___ LISTED RECORDS

lemma sublinear_on_directional_INF:
  assumes m: "sublinear_on V m" and y: "y \<in> V"
  shows "sublinear_on V (\<lambda>x. INF t\<in>{0..}. m (\<lambda>a. x a + t * y a) - t * m y)"
    and "x \<in> V \<Longrightarrow> t \<ge> 0 \<Longrightarrow>
      (INF t\<in>{0..}. m (\<lambda>a. x a + t * y a) - t * m y) \<le> m (\<lambda>a. x a + t * y a) - t * m y"
proof -
  let ?d = "\<lambda>x t. m (\<lambda>a. x a + t * y a) - t * m y"
  have shift_mem: "(\<lambda>a. x a + t * y a) \<in> V" if "x \<in> V" for x t
    using add_mem scale_mem that y by blast
  have "- m (\<lambda>a. - x a) \<le> ?d x t" if x: "x \<in> V" and t: "t \<ge> 0" for x t
  proof -
    have "m (\<lambda>a. t * y a) \<le> m (\<lambda>a. x a + t * y a) + m (\<lambda>a. - x a)"
      using sublinear_on_add[OF m shift_mem[OF x] neg_mem[OF x]] by simp
    then show ?thesis using sublinear_on_nonneg_scale[OF m y t] by linarith
  qed
  then have bdd: "bdd_below (?d x ` {0..})" if "x \<in> V" for x
    using that by (intro bdd_belowI2[of _ "- m (\<lambda>a. - x a)"]) auto
  then show lower: "(INF t\<in>{0..}. ?d x t) \<le> ?d x t" if "x \<in> V" "t \<ge> 0" for x t
    using that by (intro cINF_lower) auto
  show "sublinear_on V (\<lambda>x. INF t\<in>{0..}. ?d x t)"
    unfolding sublinear_on_def
  proof (intro conjI ballI allI impI)
    fix x1 x2 assume x1: "x1 \<in> V" and x2: "x2 \<in> V"
    have "(INF t\<in>{0..}. ?d (\<lambda>a. x1 a + x2 a) t) \<le> ?d x1 t1 + ?d x2 t2"
      if "t1 \<ge> 0" "t2 \<ge> 0" for t1 t2
    proof -
      have "m (\<lambda>a. (x1 a + x2 a) + (t1 + t2) * y a)
          \<le> m (\<lambda>a. x1 a + t1 * y a) + m (\<lambda>a. x2 a + t2 * y a)"
        using sublinear_on_add[OF m shift_mem[OF x1] shift_mem[OF x2]]
        by (simp add: algebra_simps)
      then show ?thesis
        using lower[OF add_mem[OF x1 x2], of "t1 + t2"] that by (simp add: algebra_simps)
    qed
    then show "(INF t\<in>{0..}. ?d (\<lambda>a. x1 a + x2 a) t)
        \<le> (INF t\<in>{0..}. ?d x1 t) + (INF t\<in>{0..}. ?d x2 t)"
      by (intro le_INF_add_INF) auto
  next
    have le: "(INF t\<in>{0..}. ?d (\<lambda>a. c * x a) t) \<le> c * (INF t\<in>{0..}. ?d x t)"
      if x: "x \<in> V" and c: "c > 0" for x c
    proof (rule le_mult_INF[OF c])
      fix t :: real assume t: "t \<in> {0..}"
      have "m (\<lambda>a. c * x a + (c * t) * y a) = c * m (\<lambda>a. x a + t * y a)"
        using sublinear_on_scale[OF m shift_mem[OF x, of t] c] by (simp add: algebra_simps)
      then show "(INF t\<in>{0..}. ?d (\<lambda>a. c * x a) t) \<le> c * ?d x t"
        using lower[OF scale_mem[OF x, of c], of "c * t"] t c by (simp add: algebra_simps)
    qed simp
    show "(INF t\<in>{0..}. ?d (\<lambda>a. c * x a) t) = c * (INF t\<in>{0..}. ?d x t)"
      if "x \<in> V" "c > 0" for x c
      by (rule pos_homogeneous_if_le[where h = "\<lambda>x. INF t\<in>{0..}. ?d x t", OF le that])
  qed
qed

______

■ BRIEF ■
Copy every line of the data above in which the string "using" appears.

■ RESPONSE AREA ■
    using add_mem scale_mem that y by blast
      using sublinear_on_add[OF m shift_mem[OF x] neg_mem[OF x]] by simp
    then show ?thesis using sublinear_on_nonneg_scale[OF m y t] by linarith
    using that by (intro bdd_belowI2[of _ "- m (\<lambda>a. - x a)"]) auto
    using that by (intro cINF_lower) auto
        using sublinear_on_add[OF m shift_mem[OF x1] shift_mem[OF x2]]
        using lower[OF add_mem[OF x1 x2], of "t1 + t2"] that by (simp add: algebra_simps)
        using sublinear_on_scale[OF m shift_mem[OF x, of t] c] by (simp add: algebra_simps)
        using lower[OF scale_mem[OF x, of c], of "c * t"] t c by (simp add: algebra_simps)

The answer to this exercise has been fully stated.